Collected data entries
--- START ---

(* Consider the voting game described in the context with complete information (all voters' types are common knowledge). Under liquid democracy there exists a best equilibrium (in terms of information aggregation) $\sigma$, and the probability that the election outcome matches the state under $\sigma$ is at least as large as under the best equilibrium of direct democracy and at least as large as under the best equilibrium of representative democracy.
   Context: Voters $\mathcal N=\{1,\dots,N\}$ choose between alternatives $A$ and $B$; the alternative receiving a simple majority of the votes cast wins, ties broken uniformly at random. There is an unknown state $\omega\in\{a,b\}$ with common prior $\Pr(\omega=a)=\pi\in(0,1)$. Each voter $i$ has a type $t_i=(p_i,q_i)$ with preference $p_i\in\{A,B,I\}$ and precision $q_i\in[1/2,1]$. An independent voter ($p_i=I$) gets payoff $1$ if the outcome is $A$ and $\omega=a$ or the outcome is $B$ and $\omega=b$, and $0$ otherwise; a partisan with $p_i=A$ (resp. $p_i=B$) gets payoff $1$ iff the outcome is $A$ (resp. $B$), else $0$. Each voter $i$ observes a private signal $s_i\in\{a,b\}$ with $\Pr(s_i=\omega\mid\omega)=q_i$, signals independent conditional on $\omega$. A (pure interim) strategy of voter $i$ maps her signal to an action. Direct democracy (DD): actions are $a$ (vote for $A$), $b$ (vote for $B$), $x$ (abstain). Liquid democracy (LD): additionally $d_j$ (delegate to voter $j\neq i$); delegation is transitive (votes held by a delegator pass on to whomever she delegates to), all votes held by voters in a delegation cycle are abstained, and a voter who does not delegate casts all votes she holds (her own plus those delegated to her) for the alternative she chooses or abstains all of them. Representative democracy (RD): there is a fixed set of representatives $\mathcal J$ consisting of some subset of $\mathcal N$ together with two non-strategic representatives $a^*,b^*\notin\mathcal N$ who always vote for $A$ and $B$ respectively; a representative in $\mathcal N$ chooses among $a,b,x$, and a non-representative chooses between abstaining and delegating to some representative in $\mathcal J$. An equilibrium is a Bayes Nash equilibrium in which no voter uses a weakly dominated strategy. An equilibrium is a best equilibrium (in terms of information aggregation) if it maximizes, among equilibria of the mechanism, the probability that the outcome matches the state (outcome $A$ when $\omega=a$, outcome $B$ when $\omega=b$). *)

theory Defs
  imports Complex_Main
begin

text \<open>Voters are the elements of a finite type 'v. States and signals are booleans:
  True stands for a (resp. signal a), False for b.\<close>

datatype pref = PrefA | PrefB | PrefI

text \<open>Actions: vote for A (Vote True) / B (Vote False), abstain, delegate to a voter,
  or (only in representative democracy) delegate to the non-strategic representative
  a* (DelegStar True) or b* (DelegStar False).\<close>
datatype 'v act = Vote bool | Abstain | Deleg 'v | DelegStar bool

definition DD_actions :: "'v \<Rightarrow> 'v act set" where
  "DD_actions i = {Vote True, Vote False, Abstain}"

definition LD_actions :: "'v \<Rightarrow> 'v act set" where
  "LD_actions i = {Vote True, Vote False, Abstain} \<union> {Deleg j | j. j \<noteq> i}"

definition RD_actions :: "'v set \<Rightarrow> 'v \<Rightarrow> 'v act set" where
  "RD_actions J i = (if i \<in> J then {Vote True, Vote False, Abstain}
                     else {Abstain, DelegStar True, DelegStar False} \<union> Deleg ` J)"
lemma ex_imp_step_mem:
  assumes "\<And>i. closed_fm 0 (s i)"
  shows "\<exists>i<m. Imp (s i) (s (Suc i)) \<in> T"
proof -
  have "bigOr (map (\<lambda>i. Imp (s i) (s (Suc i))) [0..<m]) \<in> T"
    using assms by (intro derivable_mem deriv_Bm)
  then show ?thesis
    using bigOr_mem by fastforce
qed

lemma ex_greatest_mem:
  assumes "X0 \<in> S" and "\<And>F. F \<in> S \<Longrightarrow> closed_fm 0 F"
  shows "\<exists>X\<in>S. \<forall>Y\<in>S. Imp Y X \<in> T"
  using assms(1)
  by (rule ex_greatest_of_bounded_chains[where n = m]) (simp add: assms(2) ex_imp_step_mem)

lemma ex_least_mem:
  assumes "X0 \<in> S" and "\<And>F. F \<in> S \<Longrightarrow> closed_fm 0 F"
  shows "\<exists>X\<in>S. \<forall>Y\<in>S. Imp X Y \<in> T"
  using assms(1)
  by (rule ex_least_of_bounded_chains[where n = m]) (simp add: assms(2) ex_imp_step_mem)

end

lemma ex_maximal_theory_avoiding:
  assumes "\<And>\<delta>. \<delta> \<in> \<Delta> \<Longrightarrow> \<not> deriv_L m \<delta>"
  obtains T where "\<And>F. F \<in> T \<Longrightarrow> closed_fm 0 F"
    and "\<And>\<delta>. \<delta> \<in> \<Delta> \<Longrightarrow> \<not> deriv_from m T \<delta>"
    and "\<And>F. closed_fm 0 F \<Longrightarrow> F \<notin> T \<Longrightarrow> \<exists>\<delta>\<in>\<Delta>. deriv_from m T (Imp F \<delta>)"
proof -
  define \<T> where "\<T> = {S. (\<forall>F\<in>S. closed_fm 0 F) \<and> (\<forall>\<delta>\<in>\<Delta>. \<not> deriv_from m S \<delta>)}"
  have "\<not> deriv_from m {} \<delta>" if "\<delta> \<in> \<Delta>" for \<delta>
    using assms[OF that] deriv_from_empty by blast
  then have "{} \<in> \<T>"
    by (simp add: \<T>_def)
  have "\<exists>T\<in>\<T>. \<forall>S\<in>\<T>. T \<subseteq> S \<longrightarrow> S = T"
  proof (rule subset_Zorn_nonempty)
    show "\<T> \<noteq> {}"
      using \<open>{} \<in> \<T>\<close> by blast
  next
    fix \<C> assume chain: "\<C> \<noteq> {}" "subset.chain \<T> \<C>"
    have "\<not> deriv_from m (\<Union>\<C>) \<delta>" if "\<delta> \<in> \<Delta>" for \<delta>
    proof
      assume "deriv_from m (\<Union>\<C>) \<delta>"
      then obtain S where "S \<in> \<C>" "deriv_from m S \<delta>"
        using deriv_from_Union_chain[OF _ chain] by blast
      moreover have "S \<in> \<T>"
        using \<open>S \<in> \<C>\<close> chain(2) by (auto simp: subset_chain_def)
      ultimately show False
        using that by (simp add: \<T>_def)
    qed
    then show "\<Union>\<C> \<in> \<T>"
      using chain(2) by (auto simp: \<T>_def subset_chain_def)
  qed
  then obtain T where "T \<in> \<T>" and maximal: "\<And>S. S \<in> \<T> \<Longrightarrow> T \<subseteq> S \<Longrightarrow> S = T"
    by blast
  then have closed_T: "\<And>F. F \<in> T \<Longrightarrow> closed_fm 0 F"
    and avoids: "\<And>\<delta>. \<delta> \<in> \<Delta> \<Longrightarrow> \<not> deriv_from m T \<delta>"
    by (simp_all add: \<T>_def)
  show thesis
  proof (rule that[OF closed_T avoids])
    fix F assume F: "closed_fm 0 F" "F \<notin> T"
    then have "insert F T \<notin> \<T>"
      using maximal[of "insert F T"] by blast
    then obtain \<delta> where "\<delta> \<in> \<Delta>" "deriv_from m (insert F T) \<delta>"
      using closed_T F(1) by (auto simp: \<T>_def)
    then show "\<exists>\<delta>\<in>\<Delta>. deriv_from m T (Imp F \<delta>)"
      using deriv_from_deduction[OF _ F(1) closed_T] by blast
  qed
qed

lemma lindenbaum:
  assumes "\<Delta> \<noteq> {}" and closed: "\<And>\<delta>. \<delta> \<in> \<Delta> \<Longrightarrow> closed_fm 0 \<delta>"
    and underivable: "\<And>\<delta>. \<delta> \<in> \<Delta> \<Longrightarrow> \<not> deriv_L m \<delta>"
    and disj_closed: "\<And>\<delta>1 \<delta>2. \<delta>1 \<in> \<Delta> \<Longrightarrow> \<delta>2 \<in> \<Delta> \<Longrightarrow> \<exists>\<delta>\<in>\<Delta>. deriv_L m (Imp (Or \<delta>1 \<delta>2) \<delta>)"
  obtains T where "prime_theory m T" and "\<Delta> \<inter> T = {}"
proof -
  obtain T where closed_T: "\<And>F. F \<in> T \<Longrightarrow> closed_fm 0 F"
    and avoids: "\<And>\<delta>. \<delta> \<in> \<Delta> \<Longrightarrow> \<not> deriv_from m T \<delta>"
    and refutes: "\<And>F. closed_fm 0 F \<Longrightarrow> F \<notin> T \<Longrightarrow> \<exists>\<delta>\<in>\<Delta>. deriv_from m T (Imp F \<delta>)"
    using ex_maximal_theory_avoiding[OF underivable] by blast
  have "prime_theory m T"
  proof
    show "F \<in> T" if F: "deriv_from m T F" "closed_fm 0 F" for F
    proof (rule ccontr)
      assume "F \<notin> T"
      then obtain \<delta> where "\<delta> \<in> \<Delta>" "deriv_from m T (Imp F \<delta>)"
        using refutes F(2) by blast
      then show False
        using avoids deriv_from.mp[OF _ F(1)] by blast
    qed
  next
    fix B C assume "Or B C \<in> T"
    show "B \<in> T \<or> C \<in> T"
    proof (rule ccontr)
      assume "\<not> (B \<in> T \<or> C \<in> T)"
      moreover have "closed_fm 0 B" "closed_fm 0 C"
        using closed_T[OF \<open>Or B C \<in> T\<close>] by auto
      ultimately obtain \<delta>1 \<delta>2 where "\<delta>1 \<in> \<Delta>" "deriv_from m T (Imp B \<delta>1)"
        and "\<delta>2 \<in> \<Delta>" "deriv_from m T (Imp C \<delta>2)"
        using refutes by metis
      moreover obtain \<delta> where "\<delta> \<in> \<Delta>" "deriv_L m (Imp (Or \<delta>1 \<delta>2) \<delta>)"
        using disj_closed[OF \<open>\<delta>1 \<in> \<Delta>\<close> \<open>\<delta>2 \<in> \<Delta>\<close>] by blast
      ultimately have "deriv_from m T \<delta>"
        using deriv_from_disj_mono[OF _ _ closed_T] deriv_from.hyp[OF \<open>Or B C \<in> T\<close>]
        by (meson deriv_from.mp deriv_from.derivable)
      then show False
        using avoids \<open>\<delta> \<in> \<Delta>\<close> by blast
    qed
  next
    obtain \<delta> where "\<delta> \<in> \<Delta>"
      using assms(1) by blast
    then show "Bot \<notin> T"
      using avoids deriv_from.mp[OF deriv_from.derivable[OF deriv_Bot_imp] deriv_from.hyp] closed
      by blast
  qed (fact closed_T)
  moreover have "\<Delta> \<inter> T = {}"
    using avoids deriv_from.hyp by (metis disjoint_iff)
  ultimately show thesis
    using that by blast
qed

--- END ---

Try it
What do the lines above say from the one containing "using bigOr_mem by fastforce" down to the one containing "ultimately show False"? Return them exactly, both end lines included, and only them.

Exercise answer
    using bigOr_mem by fastforce
qed

lemma ex_greatest_mem:
  assumes "X0 \<in> S" and "\<And>F. F \<in> S \<Longrightarrow> closed_fm 0 F"
  shows "\<exists>X\<in>S. \<forall>Y\<in>S. Imp Y X \<in> T"
  using assms(1)
  by (rule ex_greatest_of_bounded_chains[where n = m]) (simp add: assms(2) ex_imp_step_mem)

lemma ex_least_mem:
  assumes "X0 \<in> S" and "\<And>F. F \<in> S \<Longrightarrow> closed_fm 0 F"
  shows "\<exists>X\<in>S. \<forall>Y\<in>S. Imp X Y \<in> T"
  using assms(1)
  by (rule ex_least_of_bounded_chains[where n = m]) (simp add: assms(2) ex_imp_step_mem)

end

lemma ex_maximal_theory_avoiding:
  assumes "\<And>\<delta>. \<delta> \<in> \<Delta> \<Longrightarrow> \<not> deriv_L m \<delta>"
  obtains T where "\<And>F. F \<in> T \<Longrightarrow> closed_fm 0 F"
    and "\<And>\<delta>. \<delta> \<in> \<Delta> \<Longrightarrow> \<not> deriv_from m T \<delta>"
    and "\<And>F. closed_fm 0 F \<Longrightarrow> F \<notin> T \<Longrightarrow> \<exists>\<delta>\<in>\<Delta>. deriv_from m T (Imp F \<delta>)"
proof -
  define \<T> where "\<T> = {S. (\<forall>F\<in>S. closed_fm 0 F) \<and> (\<forall>\<delta>\<in>\<Delta>. \<not> deriv_from m S \<delta>)}"
  have "\<not> deriv_from m {} \<delta>" if "\<delta> \<in> \<Delta>" for \<delta>
    using assms[OF that] deriv_from_empty by blast
  then have "{} \<in> \<T>"
    by (simp add: \<T>_def)
  have "\<exists>T\<in>\<T>. \<forall>S\<in>\<T>. T \<subseteq> S \<longrightarrow> S = T"
  proof (rule subset_Zorn_nonempty)
    show "\<T> \<noteq> {}"
      using \<open>{} \<in> \<T>\<close> by blast
  next
    fix \<C> assume chain: "\<C> \<noteq> {}" "subset.chain \<T> \<C>"
    have "\<not> deriv_from m (\<Union>\<C>) \<delta>" if "\<delta> \<in> \<Delta>" for \<delta>
    proof
      assume "deriv_from m (\<Union>\<C>) \<delta>"
      then obtain S where "S \<in> \<C>" "deriv_from m S \<delta>"
        using deriv_from_Union_chain[OF _ chain] by blast
      moreover have "S \<in> \<T>"
        using \<open>S \<in> \<C>\<close> chain(2) by (auto simp: subset_chain_def)
      ultimately show False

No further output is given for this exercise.